From adjacent activation in Escherichia coli and DNA cyclization to eukaryotic enhancers: the elements of a puzzle

Michèle Amouyal

Deoxyribonucleic acid cyclization, Escherichia coli lac repressor binding to two spaced lac operators and repression enhancement can be successfully used for a better understanding of the conditions required for interaction between eukaryotic enhancers and the machinery of transcription initiation. Chronologically, the DNA looping model has first accounted for the properties initially defining enhancers, i.e., independence of action with distance or orientation with respect to the start of transcription. It has also predicted enhancer activity or its disruption at short distance (site orientation, alignment between promoter and enhancer sites), with high-order complexes of protein, or with transcription factor concentrations close or different from the wild-type situation.
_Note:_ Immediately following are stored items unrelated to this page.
lemma multiple_peval_imp_in_gen_subalg:
  fixes A B w :: "'a::idom poly poly"
  assumes "Jac_unit A B" and "\<delta> \<noteq> 0" and "const2 \<delta> * w = peval p A"
  shows "w \<in> gen_subalg A"
proof -
  obtain c where "c dvd 1" and J: "Jac A B = const2 c"
    using assms(1) by (auto simp: Jac_unit_def)
  \<comment> \<open>along the direction \<open>(B\<^sub>y(0), -B\<^sub>x(0))\<close> the slope of \<open>A\<close> at the origin is \<open>Jac(A,B)(0)\<close>\<close>
  define a where "a = restrict_line (coeff (coeff B 1) 0) (- coeff (coeff B 0) 1) A"
  have "coeff a 1 = coeff (coeff (Jac A B) 0) 0"
    unfolding a_def coeff_restrict_line_1
    by (simp add: Jac_def pderiv_x_def pderiv_y_def coeff_mult_0
        coeff_map_poly coeff_pderiv algebra_simps)
  then have "coeff a 1 dvd 1"
    using \<open>c dvd 1\<close> by (simp add: J const2_def)
  moreover have "smult \<delta> (restrict_line (coeff (coeff B 1) 0) (- coeff (coeff B 0) 1) w) = pcompose p a"
    using arg_cong[OF assms(3), of "restrict_line _ _"]
    by (simp add: a_def restrict_line_mult restrict_line_peval)
  then have "[:\<delta>:] dvd pcompose p a"
    by (metis dvd_triv_left mult_smult_left mult_1 smult_one)
  ultimately obtain r where "p = [:\<delta>:] * r"
    using const_poly_dvd_pcompose_cancel by (blast elim: dvdE)
  then have "const2 \<delta> * w = const2 \<delta> * peval r A"
    using assms(3) by (simp add: peval_smult)
  then have "w = peval r A"
    using assms(2) by (metis const2_0 const2_eq_iff mult_left_cancel)
  then show ?thesis
    by (simp add: peval_in_gen_subalg)
qed

lemma surj_pcompose_linear:
  fixes a :: "'a::comm_ring_1 poly"
  assumes "degree a \<le> 1" and "coeff a 1 dvd 1"
  shows "surj (\<lambda>r. pcompose r a)"
proof -
  have a: "a = [:coeff a 0, coeff a 1:]"
    using assms(1) by (intro poly_eqI) (auto simp: coeff_pCons coeff_eq_0 split: nat.split)
  obtain b where "1 = coeff a 1 * b"
    using assms(2) by (rule dvdE)
  then have "pcompose [:- coeff a 0 * b, b:] a = [:0, 1:]"
    by (subst a) (simp add: pcompose_pCons algebra_simps)
  then have "v = pcompose (pcompose v [:- coeff a 0 * b, b:]) a" for v
    by (simp flip: pcompose_assoc)
  then show ?thesis
    by (metis surjI)
qed

lemma Jac_eq_0_imp_in_gen_subalg_of_pderiv_y_eq_0:
  fixes A B w :: "'a::{idom,ring_char_0} poly poly"
  assumes "Jac_unit A B" and "pderiv_y A = 0" and "Jac A w = 0"
  shows "w \<in> gen_subalg A"
proof -
  obtain c where "c dvd 1" and J: "Jac A B = const2 c"
    using assms(1) by (auto simp: Jac_unit_def)
  obtain a where A: "A = [:a:]"
    using assms(2) by (auto simp: pderiv_y_def pderiv_eq_0_iff elim: degree_eq_zeroE)
  have Ax: "pderiv_x A = [:pderiv a:]"
    by (simp add: A pderiv_x_def map_poly_pCons)
  have "[:pderiv a:] * pderiv_y B = [:[:c:]:]"
    using J by (simp add: Jac_def Ax assms(2) const2_def)
  then have "pderiv a * coeff (pderiv_y B) 0 = [:c:]"
    by (metis coeff_mult_0 coeff_pCons_0)
  then have "pderiv a dvd 1"
    using \<open>c dvd 1\<close> by (metis const_poly_dvd_const_poly_iff dvd_trans dvd_triv_left one_pCons)
  then obtain a1 where a1: "pderiv a = [:a1:]" and "a1 dvd 1"
    by (auto simp: is_unit_poly_iff)
  have "degree a \<le> 1"
    using degree_pderiv[of a] by (simp add: a1)
  have "coeff a 1 dvd 1"
    using coeff_pderiv[of a 0] \<open>a1 dvd 1\<close> by (simp add: a1)
  have "[:pderiv a:] * pderiv_y w = 0"
    using assms(3) by (simp add: Jac_def Ax assms(2))
  then obtain v where w: "w = [:v:]"
    using a1 \<open>a1 dvd 1\<close> by (auto simp: pderiv_y_def pderiv_eq_0_iff elim: degree_eq_zeroE)
  obtain r where "v = pcompose r a"
    using surj_pcompose_linear[OF \<open>degree a \<le> 1\<close> \<open>coeff a 1 dvd 1\<close>] by blast
  then have "w = peval r A"
    by (simp add: w A peval_of_const_poly)
  then show ?thesis
    by (simp add: peval_in_gen_subalg)
qed

theorem theorem3p6:
  fixes A B w :: "'a::{idom, ring_char_0} poly poly"
  assumes "JC2_complex"
    and "Jac_unit A B"
    and "Jac A w = 0"
  shows "w \<in> gen_subalg A"
proof (cases "pderiv_y A = 0")
  case True
  then show ?thesis
    using Jac_eq_0_imp_in_gen_subalg_of_pderiv_y_eq_0 assms(2,3) by blast
next
  case False
  then obtain \<delta> p where "\<delta> \<noteq> 0" and "const2 \<delta> * w = peval p A"
    using Jac_eq_0_imp_multiple_peval assms(2,3) by blast
  then show ?thesis
    using multiple_peval_imp_in_gen_subalg assms(2) by blast
qed

end
lemma u_eq_0_if_D_eq_0:
  assumes sign: "sign_condition" and "r > 0" "s r \<noteq> 0" and D: "D_v r + D_u r = 0"
  shows "u r = 0"
proof -
  have "y r \<noteq> 0" using sign_condition_y_ne_0[OF sign \<open>r > 0\<close>] .
  define X where "X = Q r * (\<gamma> * (s r)\<^sup>2 / 2) + \<kappa>\<^sup>2 * (v r) ^ 4"
  have "X > 0"
    unfolding X_def Q_def using \<open>s r \<noteq> 0\<close> \<open>y r \<noteq> 0\<close> \<gamma>_pos
    by (intro mult_pos_pos add_pos_nonneg) auto
  have "D_u r = 0" using D D_v_nonneg[OF sign \<open>r > 0\<close>] D_u_nonneg[OF \<open>r > 0\<close>] by simp
  then have le: "r * (u r)\<^sup>2 * X / (y r)\<^sup>2 \<le> 0" using D_u_lower[OF \<open>r > 0\<close>] unfolding X_def by linarith
  have eq: "(u r)\<^sup>2 * X = r * (u r)\<^sup>2 * X / (y r)\<^sup>2 * ((y r)\<^sup>2 / r)"
    using \<open>r > 0\<close> \<open>y r \<noteq> 0\<close> by (simp add: field_simps)
  have "(u r)\<^sup>2 * X \<le> 0" unfolding eq using le \<open>r > 0\<close> by (intro mult_nonpos_nonneg) auto
  then show ?thesis using \<open>X > 0\<close> by (simp add: mult_le_0_iff)
qed

lemma v_eq_0_if_D_eq_0:
  assumes sign: "sign_condition" and "r > 0" "s r \<noteq> 0" "y r \<noteq> z r" and D: "D_v r + D_u r = 0"
  shows "v r = 0"
proof -
  have "y r \<noteq> 0" using sign_condition_y_ne_0[OF sign \<open>r > 0\<close>] .
  have "D_v r = 0" using D D_v_nonneg[OF sign \<open>r > 0\<close>] D_u_nonneg[OF \<open>r > 0\<close>] by simp
  then show ?thesis unfolding D_v_def using \<open>r > 0\<close> \<open>s r \<noteq> 0\<close> \<open>y r \<noteq> z r\<close> \<open>y r \<noteq> 0\<close> \<gamma>_pos by simp
qed

lemma u0_eq_0_if_vanishing:
  assumes "\<forall>\<^sub>F r in at_right 0. u r = 0" shows "u0 = 0"
proof (rule coefficient_eq_0_if_vanishing_at_right_0[OF eu_tendsto])
  show "\<forall>\<^sub>F r in at_right 0. r powr k \<noteq> 0 \<and> u0 * r powr k * (1 + eu r) = 0"
    using assms eventually_at_right_less[of 0] by eventually_elim (use uv_near_0 in auto)
qed

lemma v0_eq_0_if_vanishing:
  assumes "\<forall>\<^sub>F r in at_right 0. v r = 0" shows "v0 = 0"
proof (rule coefficient_eq_0_if_vanishing_at_right_0[OF ev_tendsto])
  show "\<forall>\<^sub>F r in at_right 0. r powr k \<noteq> 0 \<and> v0 * r powr k * (1 + ev r) = 0"
    using assms eventually_at_right_less[of 0] by eventually_elim (use uv_near_0 in auto)
qed

section \<open>Boundary behaviour of the flux\<close>

lemma uv_powr_ratio_tendsto:
  "((\<lambda>r. u r ^ i * v r ^ j / (r powr k) ^ (i + j)) \<longlongrightarrow> u0 ^ i * v0 ^ j) (at_right 0)"
proof -
  have "((\<lambda>r. u0 ^ i * v0 ^ j * ((1 + eu r) ^ i * (1 + ev r) ^ j))
          \<longlongrightarrow> u0 ^ i * v0 ^ j * ((1 + 0) ^ i * (1 + 0) ^ j)) (at_right 0)"
    by (intro tendsto_intros eu_tendsto ev_tendsto)
  moreover have "\<forall>\<^sub>F r in at_right 0.
      u0 ^ i * v0 ^ j * ((1 + eu r) ^ i * (1 + ev r) ^ j) = u r ^ i * v r ^ j / (r powr k) ^ (i + j)"
    using eventually_at_right_less[of 0]
  proof eventually_elim
    case (elim r)
    then have "u r ^ i * v r ^ j = u0 ^ i * v0 ^ j * ((1 + eu r) ^ i * (1 + ev r) ^ j) * (r powr k) ^ (i + j)"
      by (simp add: uv_near_0 power_mult_distrib power_add mult_ac)
    then show ?case using elim by simp
  qed
  ultimately show ?thesis by (simp add: tendsto_cong)
qed

lemma r_y_tendsto_0: "((\<lambda>r. r * y r) \<longlongrightarrow> - of_int m / 2) (at_right 0)"
proof -
  have "((\<lambda>r. \<gamma> * a r - K / 2) \<longlongrightarrow> \<gamma> * of_int n - K / 2) (at_right 0)"
    by (intro tendsto_intros a_tendsto_0)
  moreover have "\<forall>\<^sub>F r in at_right 0. \<gamma> * a r - K / 2 = r * y r"
    using eventually_at_right_less[of 0] by eventually_elim (simp add: r_y_eq)
  moreover have "\<gamma> * of_int n - K / 2 = - of_int m / 2" unfolding K_def by (simp add: field_simps)
  ultimately show ?thesis by (simp add: tendsto_cong)
qed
In another step, histones have been introduced into the model to further adapt it to eukaryotes. They in fact favor DNA cyclization in vitro. The resulting DNA compaction might explain the difference counted in base pairs in the distance of action between eukaryotic transcription enhancers and prokaryotic repression enhancers. The lac looping system provides a potential tool for analysis of this discrepancy and of chromatin state directly in situ. Furthermore, as predicted by the model, the contribution of operators O2 and O3 to repression of the lac operon clearly depends on the lac repressor level in the cell and is prevented in strains overproducing lac repressor. By extension, gene regulation especially that linked to cell fate, should also depend on transcription factor levels, providing a potential tool for cellular therapy. In parallel, a new function of the O1-O3 loop completes the picture of lac repression. The O1-O3 loop would at the same time ensure high efficiency of repression, inducibility through the low-affinity sites and limitation of the level of repressor through self-repression of the lac repressor. Last, the DNA looping model can be successfully adapted to the enhancer auxiliary elements known as insulators.